Essa iniciativa representa uma oportunidade industrial significativa, mas também levanta um debate sobre como atrair investimentos tecnológicos intensivos sem comprometer o consumo de eletricidade, a demanda por água e a pressão sobre o território. Os projetos estão principalmente concentrados na metade sul da Catalunha e na área metropolitana de Barcelona, enquanto Girona foi deixada de fora do novo mapeamento.
A Generalitat delineou sete polos territoriais para gerenciar a chegada desses novos centros e facilitar o interesse de investidores privados. O objetivo é simplificar os trâmites legais, coordenar permissões, revisar as necessidades de energia elétrica, fibra ótica e água, além de dialogar com os municípios sobre possíveis alterações urbanísticas necessárias.
Dentre os projetos destacados, estão os centros de dados da ADEQUA Real Estate em Santa Bàrbara e Òdena, com 200 MW cada, além de iniciativas da Ponentia Logistics em outras cidades, totalizando 460 MW. A cidade de Barcelona também apresenta cinco propostas localizadas em áreas estratégicas como a Zona Franca e Sant Martí.
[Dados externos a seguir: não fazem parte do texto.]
text \<open>Nearest ancestors in the upward closure of a finite set \<open>P\<close> exist because, by this
lemma, it suffices to search among the finitely many points whose height is a node height,
the height of a point of \<open>P\<close>, or that of the base point.\<close>

lemma mt_anc_lowest_common_on_edge:
  assumes T: "merge_tree T" and p: "mt_anc T p z" and x: "mt_anc T x z"
  defines "t \<equiv> max (mt_h T (fst z)) (max (snd p) (snd x))"
  shows "mt_anc T p (fst z, t) \<and> mt_anc T x (fst z, t) \<and> t \<le> snd z"
proof -
  have z_pt: "z \<in> mt_points T" using p by (auto simp: mt_anc_def)
  have t_le: "t \<le> snd z" using mt_points_h_le[OF z_pt] p x by (auto simp: t_def mt_anc_def)
  have "(fst z, t) \<in> mt_points T"
    using mt_points_cases[OF z_pt]
  proof
    assume "fst z \<in> mt_V T - {mt_root T} \<and> mt_h T (fst z) \<le> snd z
      \<and> snd z < mt_h T (mt_par T (fst z))"
    then show ?thesis using t_le by (auto simp: t_def mt_points_def)
  next
    assume "z = (mt_root T, mt_h T (mt_root T))"
    then show ?thesis using t_le z_pt by (auto simp: t_def)
  qed
  then show ?thesis using p x t_le by (auto simp: mt_anc_def t_def)
qed

lemma nearest_anc_in_mt_upset_exists:
  assumes T: "merge_tree T" and P: "finite P" and x: "x \<in> mt_points T"
    and y: "y \<in> mt_upset T P" "mt_anc T x y"
  shows "\<exists>a. is_nearest_anc T (mt_upset T P) x a"
proof -
  define D where "D = (mt_V T \<times> (mt_h T ` mt_V T \<union> snd ` P \<union> {snd x}))
    \<inter> mt_upset T P \<inter> Collect (mt_anc T x)"
  have "finite D" using T P unfolding D_def merge_tree_def by auto
  have below: "\<exists>c \<in> D. snd c \<le> snd z" if z: "z \<in> mt_upset T P" "mt_anc T x z" for z
  proof -
    obtain p where p: "p \<in> P" "mt_anc T p z" using z by (auto simp: mt_upset_def)
    define t where "t = max (mt_h T (fst z)) (max (snd p) (snd x))"
    have c: "mt_anc T p (fst z, t)" "mt_anc T x (fst z, t)" "t \<le> snd z"
      using mt_anc_lowest_common_on_edge[OF T p(2) z(2)] by (simp_all add: t_def)
    have "fst z \<in> mt_V T" using mt_points_fst_in_V[OF T] p by (auto simp: mt_anc_def)
    moreover have "t = mt_h T (fst z) \<or> t = snd p \<or> t = snd x" by (auto simp: t_def max_def)
    ultimately have "(fst z, t) \<in> D"
      using c p unfolding D_def mt_upset_def by auto
    then show ?thesis using c(3) by (intro bexI[of _ "(fst z, t)"]) auto
  qed
  have D: "finite D" "D \<noteq> {}" using below[OF y] \<open>finite D\<close> by auto
  define c where "c = arg_min_on snd D"
  have c: "c \<in> D" and c_min: "\<forall>c' \<in> D. snd c \<le> snd c'"
    unfolding c_def using arg_min_if_finite(1)[OF D] arg_min_least[OF D] by blast+
  have "is_nearest_anc T (mt_upset T P) x c"
    unfolding is_nearest_anc_def
  proof (intro conjI ballI impI)
    show "c \<in> mt_upset T P" "mt_anc T x c" using c by (auto simp: D_def)
    fix z assume z: "z \<in> mt_upset T P" "mt_anc T x z"
    then obtain c' where "c' \<in> D" "snd c' \<le> snd z" using below by blast
    then have "snd c \<le> snd z" using c_min by force
    then show "mt_anc T c z" using mt_anc_linear[OF T \<open>mt_anc T x c\<close> z(2)] by blast
  qed
  then show ?thesis by blast
qed
definition partition4 :: "'a set \<Rightarrow> 'a set \<Rightarrow> 'a set \<Rightarrow> 'a set \<Rightarrow> 'a set \<Rightarrow> bool" where
  "partition4 V A B S T \<longleftrightarrow> A \<union> B \<union> S \<union> T = V \<and>
     A \<inter> B = {} \<and> A \<inter> S = {} \<and> A \<inter> T = {} \<and> B \<inter> S = {} \<and> B \<inter> T = {} \<and> S \<inter> T = {}"

definition AB_conditions ::
  "real \<Rightarrow> 'a set \<Rightarrow> ('a \<times> 'a) set \<Rightarrow> 'a set \<Rightarrow> 'a set \<Rightarrow> 'a set \<Rightarrow> 'a set \<Rightarrow> bool" where
  "AB_conditions eps V E A B S T \<longleftrightarrow>
    (let n = real (card V); a = card A; b = card B; s = card S; t = card T;
         AB = A \<union> B; EAB = bip_edges E A B in
     partition4 V A B S T \<and>
     a \<le> b \<and> s \<le> t \<and>
     real_of_int \<lfloor>n / 2\<rfloor> - eps * n \<le> real a \<and> real a \<le> real_of_int \<lceil>n / 2\<rceil> + eps * n \<and>
     real_of_int \<lfloor>n / 2\<rfloor> - eps * n \<le> real b \<and> real b \<le> real_of_int \<lceil>n / 2\<rceil> + eps * n \<and>
     (\<forall>x\<in>AB. real (outdeg_in EAB AB x) \<ge> n / 50 \<and> real (indeg_in EAB AB x) \<ge> n / 50) \<and>
     real (card {x \<in> A. \<not> (real (outdeg_in E B x) \<ge> n / 2 - eps * n \<and>
                             real (indeg_in E B x) \<ge> n / 2 - eps * n)}) \<le> eps * n \<and>
     real (card {x \<in> B. \<not> (real (outdeg_in E A x) \<ge> n / 2 - eps * n \<and>
                             real (indeg_in E A x) \<ge> n / 2 - eps * n)}) \<le> eps * n \<and>
     real (s + t) \<le> eps * n \<and>
     (\<forall>x\<in>S. real (indeg_in E A x) \<ge> n / 50 \<and> real (outdeg_in E B x) \<ge> n / 50) \<and>
     (\<forall>x\<in>T. real (indeg_in E B x) \<ge> n / 50 \<and> real (outdeg_in E A x) \<ge> n / 50) \<and>
     (a < b \<longrightarrow>
        (\<forall>x\<in>B. real (outdeg_in E B x) < n / 20 \<and> real (indeg_in E B x) < n / 20) \<and>
        (\<forall>x\<in>S. real (indeg_in E B x) < n / 20) \<and>
        (\<forall>x\<in>T. real (outdeg_in E B x) < n / 20)))"

definition matching_in :: "('a \<times> 'a) set \<Rightarrow> 'a set \<Rightarrow> 'a set \<Rightarrow> ('a \<times> 'a) set \<Rightarrow> bool" where
  "matching_in E X Y M \<longleftrightarrow>
     M \<subseteq> E \<and> (\<forall>(x, y)\<in>M. x \<in> X \<and> y \<in> Y) \<and>
     (\<forall>e\<in>M. \<forall>f\<in>M. e \<noteq> f \<longrightarrow> {fst e, snd e} \<inter> {fst f, snd f} = {})"

end

theory Submission
  imports Defs
begin

(*
  The matching is built greedily, one edge at a time.  Since every vertex has in-degree at least n/2 while |A| + |S| is at
  most (n - d)/2, every x \<in> B has at least d/2 in-neighbours in B \<union> T.  Conversely,
  the AB-conditions for a < b say that every vertex of B \<union> T has fewer than n/20
  out-neighbours in B.  If a matching M with |M| \<le> d + 1 could not be extended, every
  edge from B \<union> T into B would meet the at most 2(d + 1) vertices covered by M;
  double counting the edges from the covered part of B \<union> T into the uncovered part
  of B then gives (|B| - 2(d+1)) d/2 \<le> 2(d+1) n/20, which is false because |B| is
  about n/2 while d is at most about n/50.
*)

definition covered :: "('a \<times> 'a) set \<Rightarrow> 'a set" where
  "covered M = fst ` M \<union> snd ` M"

lemma finite_covered: "finite M \<Longrightarrow> finite (covered M)"
  unfolding covered_def by simp

lemma card_covered_le:
  assumes "finite M"
  shows "card (covered M) \<le> 2 * card M"
proof -
  have "card (covered M) \<le> card (fst ` M) + card (snd ` M)"
    unfolding covered_def by (rule card_Un_le)
  also have "\<dots> \<le> card M + card M"
    using card_image_le[OF assms, of fst] card_image_le[OF assms, of snd] by linarith
  finally show ?thesis by simp
qed

lemma matching_in_empty: "matching_in E X Y {}"
  unfolding matching_in_def by simp

lemma matching_in_insert:
  assumes M: "matching_in E X Y M"
    and e: "(u, v) \<in> E" "u \<in> X" "v \<in> Y"
    and free: "u \<notin> covered M" "v \<notin> covered M"
  shows "matching_in E X Y (insert (u, v) M)" and "(u, v) \<notin> M"
proof -
  have disjoint_new: "{fst f, snd f} \<inter> {u, v} = {}" if "f \<in> M" for f
    using that free unfolding covered_def by force
  show "(u, v) \<notin> M"
    using free unfolding covered_def by force
  show "matching_in E X Y (insert (u, v) M)"
    using M e disjoint_new unfolding matching_in_def by (auto simp: Int_commute)
qed

lemma greedy_matching:
  assumes extend: "\<And>M. matching_in E X Y M \<Longrightarrow> finite M \<Longrightarrow> card M < k \<Longrightarrow>
      \<exists>u v. (u, v) \<in> E \<and> u \<in> X \<and> v \<in> Y \<and> u \<notin> covered M \<and> v \<notin> covered M"
  shows "\<exists>M. matching_in E X Y M \<and> finite M \<and> card M = k"
proof -
  have "\<exists>M. matching_in E X Y M \<and> finite M \<and> card M = j" if "j \<le> k" for j
    using that
  proof (induction j)
    case 0
    show ?case using matching_in_empty by fastforce
  next
    case (Suc j)
    then obtain M where M: "matching_in E X Y M" "finite M" "card M = j" by auto
    with Suc.prems obtain u v where
      uv: "(u, v) \<in> E" "u \<in> X" "v \<in> Y" "u \<notin> covered M" "v \<notin> covered M"
      using extend by fastforce
    have "matching_in E X Y (insert (u, v) M)" "(u, v) \<notin> M"
      using matching_in_insert[OF M(1) uv] by blast+
    then show ?case using M(2,3) by (intro exI[of _ "insert (u, v) M"]) simp
  qed
  then show ?thesis by simp
qed

lemma edge_double_counting:
  fixes p q :: real
  assumes fin: "finite Y" "finite Z"
    and heads: "\<And>z. z \<in> Z \<Longrightarrow> p \<le> real (indeg_in E Y z)"
    and tails: "\<And>y. y \<in> Y \<Longrightarrow> real (outdeg_in E Z y) \<le> q"
  shows "real (card Z) * p \<le> real (card Y) * q"
proof -
  have count: "(\<Sum>y\<in>Y. outdeg_in E Z y) = (\<Sum>z\<in>Z. indeg_in E Y z)"
    unfolding outdeg_in_def indeg_in_def by (rule sum_multicount_gen[OF fin]) simp
  have "real (card Z) * p = (\<Sum>z\<in>Z. p)" by simp
  also have "\<dots> \<le> (\<Sum>z\<in>Z. real (indeg_in E Y z))" by (rule sum_mono) (rule heads)
  also have "\<dots> = (\<Sum>y\<in>Y. real (outdeg_in E Z y))" by (metis count of_nat_sum)
  also have "\<dots> \<le> (\<Sum>y\<in>Y. q)" by (rule sum_mono) (rule tails)
  also have "\<dots> = real (card Y) * q" by simp
  finally show ?thesis .
qed

lemma indeg_in_Un_le:
  assumes "finite X" "finite Y"
  shows "indeg_in E (X \<union> Y) x \<le> card X + indeg_in E Y x"
proof -
  have "{y \<in> X \<union> Y. (y, x) \<in> E} \<subseteq> X \<union> {y \<in> Y. (y, x) \<in> E}" by blast
  then have "indeg_in E (X \<union> Y) x \<le> card (X \<union> {y \<in> Y. (y, x) \<in> E})"
    unfolding indeg_in_def using assms by (intro card_mono) auto
  also have "\<dots> \<le> card X + indeg_in E Y x"
    unfolding indeg_in_def by (rule card_Un_le)
  finally show ?thesis .
qed

lemma card_partition4:
  assumes "partition4 V A B S T" "finite V"
  shows "card V = card A + card B + card S + card T"
  using assms unfolding partition4_def
  by (metis Int_Un_distrib2 Un_empty finite_Un card_Un_disjoint)

text \<open>With minimum in-degree n/2, |B| = |A| + d and |S| \<le> |T|, every vertex of B
  has at least d/2 in-neighbours in B \<union> T: its in-neighbours outside B \<union> T lie in
  A \<union> S, and |A| + |S| \<le> (n - d)/2.\<close>
lemma indeg_from_B_T:
  assumes part: "partition4 V A B S T" and fin: "finite V"
    and semideg: "min_semideg_ge V E (real (card V) / 2)"
    and sizes: "card B = card A + d" "card S \<le> card T"
    and x: "x \<in> B"
  shows "real d / 2 \<le> real (indeg_in E (B \<union> T) x)"
proof -
  have V: "V = (A \<union> S) \<union> (B \<union> T)"
    using part unfolding partition4_def by auto
  have "real (card V) / 2 \<le> real (indeg_in E V x)"
    using semideg x V unfolding min_semideg_ge_def by auto
  moreover have "indeg_in E V x \<le> card (A \<union> S) + indeg_in E (B \<union> T) x"
    unfolding V using fin V by (intro indeg_in_Un_le) auto
  moreover have "card (A \<union> S) \<le> card A + card S" by (rule card_Un_le)
  moreover have "card V = card A + card B + card S + card T"
    by (rule card_partition4[OF part fin])
  ultimately show ?thesis using sizes by linarith
qed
Adicionalmente, a Ark Data Centres anunciou um investimento de mais de 600 milhões de euros para desenvolver um centro urbano em Barcelona, com capacidade para até 45 MW IT.
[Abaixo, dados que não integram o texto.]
lemma frob_inner_Bstar_gap:
  fixes grp :: "'p::finite \<Rightarrow> 'k::finite" and \<gamma> :: "real^'k"
  assumes B: "B \<in> setC CARD('k)" and surj: "surj grp"
    and le_g: "\<And>k. \<gamma> $ k \<le> g" and spread: "\<And>k. g - \<gamma> $ k \<le> V"
  shows "off_block_sum grp (\<lambda>c d. (var_diff C (grp c) (grp d) / 2 - V / real (min_group_size grp)) * B $ c $ d)
    \<le> frob_inner (latent_cov grp C \<gamma>) (Bstar grp) - frob_inner (latent_cov grp C \<gamma>) B"
proof -
  define m where "m = real (min_group_size grp)"
  have Bstar: "Bstar grp \<in> setC CARD('k)"
    using Bstar_in_setD[OF surj] by (simp add: setD_def)
  have "off_block_sum grp (\<lambda>c d. var_diff C (grp c) (grp d) * Bstar grp $ c $ d) = 0"
    unfolding off_block_sum_def by (intro sum.neutral ballI) (simp add: Bstar_entry)
  moreover have "(\<Sum>a\<in>UNIV. \<gamma> $ grp a * Bstar grp $ a $ a) = (\<Sum>k\<in>UNIV. \<gamma> $ k)"
    using sum_div_card_group[OF surj, of "\<lambda>k. \<gamma> $ k"] by (simp add: Bstar_entry)
  ultimately have "frob_inner (latent_cov grp C \<gamma>) (Bstar grp)
      = (\<Sum>a\<in>UNIV. C $ grp a $ grp a) + (\<Sum>k\<in>UNIV. \<gamma> $ k)"
    using frob_inner_latent_cov[of "Bstar grp" grp C \<gamma>] setCD(2,3)[OF Bstar] by simp
  moreover have "frob_inner (latent_cov grp C \<gamma>) B = (\<Sum>a\<in>UNIV. C $ grp a $ grp a)
      - off_block_sum grp (\<lambda>c d. var_diff C (grp c) (grp d) * B $ c $ d) / 2
      + (\<Sum>a\<in>UNIV. \<gamma> $ grp a * B $ a $ a)"
    using setCD(3,2)[OF B] by (rule frob_inner_latent_cov)
  moreover have "off_block_sum grp (\<lambda>c d. (var_diff C (grp c) (grp d) / 2 - V / m) * B $ c $ d)
      = off_block_sum grp (\<lambda>c d. var_diff C (grp c) (grp d) * B $ c $ d) / 2
        - V / m * off_block_sum grp (\<lambda>c d. B $ c $ d)"
    unfolding off_block_sum_def
    by (simp add: left_diff_distrib sum_subtractf sum_divide_distrib sum_distrib_left mult.assoc)
  ultimately show ?thesis
    using diag_gamma_le[OF B surj le_g spread] by (simp add: m_def)
qed

lemma block_diagonal_setD_eq_Bstar:
  fixes grp :: "'p::finite \<Rightarrow> 'k::finite"
  assumes B: "B \<in> setD CARD('k)" and surj: "surj grp"
    and off: "\<And>c d. grp c \<noteq> grp d \<Longrightarrow> B $ c $ d = 0"
  shows "B = Bstar grp"
proof -
  have BC: "B \<in> setC CARD('k)" using B by (simp add: setD_def)
  define n where "n a = real (card (group_of grp (grp a)))" for a
  have n_pos: "0 < n a" for a using card_group_of_pos[OF surj] by (simp add: n_def)
  \<comment> \<open>Idempotence and unit row sums make each row of \<open>q\<close> sum to \<open>B$a$a - 1/n a\<close>, and the trace
    constraint makes these sum to zero.\<close>
  define q where "q a c = (if grp a = grp c then (B $ a $ c - 1 / n a)\<^sup>2 else 0)" for a c
  have row_q: "(\<Sum>c\<in>UNIV. q a c) = B $ a $ a - 1 / n a" for a
  proof -
    have "(B ** B) $ a $ a = B $ a $ a" using B by (simp add: setD_def)
    then have idem: "(\<Sum>c\<in>UNIV. B $ a $ c * B $ c $ a) = B $ a $ a"
      by (simp add: matrix_matrix_mult_def)
    have "q a c = B $ a $ c * B $ c $ a - 2 / n a * B $ a $ c
        + (if grp c = grp a then 1 / (n a * n a) else 0)" for c
      unfolding q_def using off[of a c] setCD(6)[OF BC, of a c]
      by (auto simp: power2_eq_square algebra_simps)
    then have "(\<Sum>c\<in>UNIV. q a c) = (\<Sum>c\<in>UNIV. B $ a $ c * B $ c $ a)
        - (\<Sum>c\<in>UNIV. 2 / n a * B $ a $ c) + (\<Sum>c\<in>UNIV. if grp c = grp a then 1 / (n a * n a) else 0)"
      by (simp only: sum.distrib sum_subtractf)
    also have "\<dots> = (\<Sum>c\<in>UNIV. B $ a $ c * B $ c $ a)
        - 2 / n a * (\<Sum>c\<in>UNIV. B $ a $ c) + n a * (1 / (n a * n a))"
      unfolding sum_distrib_left[symmetric] sum_if_same_group n_def[symmetric] ..
    also have "\<dots> = B $ a $ a - 1 / n a"
      using n_pos[of a] unfolding idem setCD(3)[OF BC] by (simp add: field_simps)
    finally show ?thesis .
  qed
  have "(\<Sum>a\<in>UNIV. \<Sum>c\<in>UNIV. q a c) = (\<Sum>a\<in>UNIV. B $ a $ a) - (\<Sum>a\<in>UNIV. 1 / n a)"
    unfolding row_q by (simp add: sum_subtractf)
  also have "\<dots> = 0"
    using setCD(5)[OF BC] sum_div_card_group[OF surj, of "\<lambda>k. 1"] by (simp add: n_def)
  finally have "q a c = 0" for a c
    by (intro sum_sum_nonneg_eq_0D[of UNIV "\<lambda>_. UNIV" q]) (auto simp: q_def)
  then have "B $ a $ c = 1 / n a" if "grp a = grp c" for a c
    using that by (metis (no_types) q_def power_eq_0_iff right_minus_eq)
  then show ?thesis
    using off by (auto simp: vec_eq_iff Bstar_entry n_def)
qed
A proposta da Generalitat se fundamenta na crescente demanda por infraestrutura física necessária para a operacionalização da nuvem e serviços digitais. Begoña Villacís, diretora executiva da Spain DC, defende que a Catalunha pode se tornar um dos principais hubs do sul da Europa devido à sua localização, conectividade e acesso a energias renováveis.
No entanto, a expansão dos centros de dados suscita preocupações sobre o consumo elevado de eletricidade e água, especialmente em uma região que já enfrenta desafios hídricos. Especialistas alertam que a eletricidade utilizada por uma planta de 100 MW pode equiparar-se ao consumo de uma cidade como L’Hospitalet de Llobregat.
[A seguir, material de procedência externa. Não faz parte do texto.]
lemma path_prob_nonneg: "(\<And>s a x. 0 \<le> Q s a x) \<Longrightarrow> 0 \<le> path_prob Q \<sigma> \<rho>"
  unfolding path_prob_def by (intro prod_nonneg sum_nonneg mult_nonneg_nonneg) auto

lemma len_prob_nonneg: "(\<And>s a x. 0 \<le> Q s a x) \<Longrightarrow> 0 \<le> len_prob Q \<sigma> T s r"
  unfolding len_prob_def by (intro sum_nonneg path_prob_nonneg) auto

lemma sum_step_prob_mult:
  "(\<Sum>x\<in>UNIV. step_prob Q \<sigma> \<rho> x * g x) =
     (\<Sum>a\<in>UNIV. pmf (\<sigma> \<rho>) a * (\<Sum>x\<in>UNIV. Q (last \<rho>) a x * g x))"
  unfolding step_prob_def sum_distrib_right sum_distrib_left
  by (subst sum.swap) (simp add: mult.assoc)

lemma sum_len_prob_le_superharmonic:
  assumes "is_strategy P \<sigma>"
    and nonneg: "\<And>s. 0 \<le> g s" and target: "\<And>s. s \<in> T \<Longrightarrow> 1 \<le> g s"
    and superharmonic: "\<And>s a. s \<notin> T \<Longrightarrow> legal P s a \<Longrightarrow> (\<Sum>x\<in>UNIV. trans P s a x * g x) \<le> g s"
  shows "(\<Sum>r<n. len_prob (trans P) \<sigma> T s r) \<le> g s"
  using assms(1)
proof (induction n arbitrary: \<sigma> s)
  case 0
  then show ?case
    by (simp add: nonneg)
next
  case (Suc n)
  show ?case
  proof (cases "s \<in> T")
    case True
    then show ?thesis
      by (simp add: sum.lessThan_Suc_shift len_prob_0 len_prob_Suc target del: sum.lessThan_Suc)
  next
    case False
    have "(\<Sum>r<Suc n. len_prob (trans P) \<sigma> T s r) =
        (\<Sum>r<n. \<Sum>x\<in>UNIV. step_prob (trans P) \<sigma> [s] x * len_prob (trans P) (shift_strategy \<sigma> s) T x r)"
      using False by (simp add: sum.lessThan_Suc_shift len_prob_0 len_prob_Suc del: sum.lessThan_Suc)
    also have "\<dots> = (\<Sum>x\<in>UNIV. step_prob (trans P) \<sigma> [s] x * (\<Sum>r<n. len_prob (trans P) (shift_strategy \<sigma> s) T x r))"
      by (subst sum.swap) (simp add: sum_distrib_left)
    also have "\<dots> \<le> (\<Sum>x\<in>UNIV. step_prob (trans P) \<sigma> [s] x * g x)"
      by (intro sum_mono mult_left_mono Suc.IH is_strategy_shift Suc.prems step_prob_nonneg trans_nonneg)
    also have "\<dots> \<le> g s"
      unfolding sum_step_prob_mult
      by (rule pmf_weighted_sum_le) (use False Suc.prems in \<open>auto intro!: superharmonic dest: legal_if_is_strategy\<close>)
    finally show ?thesis .
  qed
qed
A Generalitat argumenta que os projetos que desejam utilizar o mecanismo de simplificação deverão atender a padrões europeus e critérios ecológicos, além de prover benefícios à economia local e ao desenvolvimento de talento. Assim, a Catalunha se vê diante de uma decisão crucial: como tornar essa expansão sustentável, criando um ecossistema tecnológico que não apenas consuma recursos, mas também adicione valor ao território e à sua população.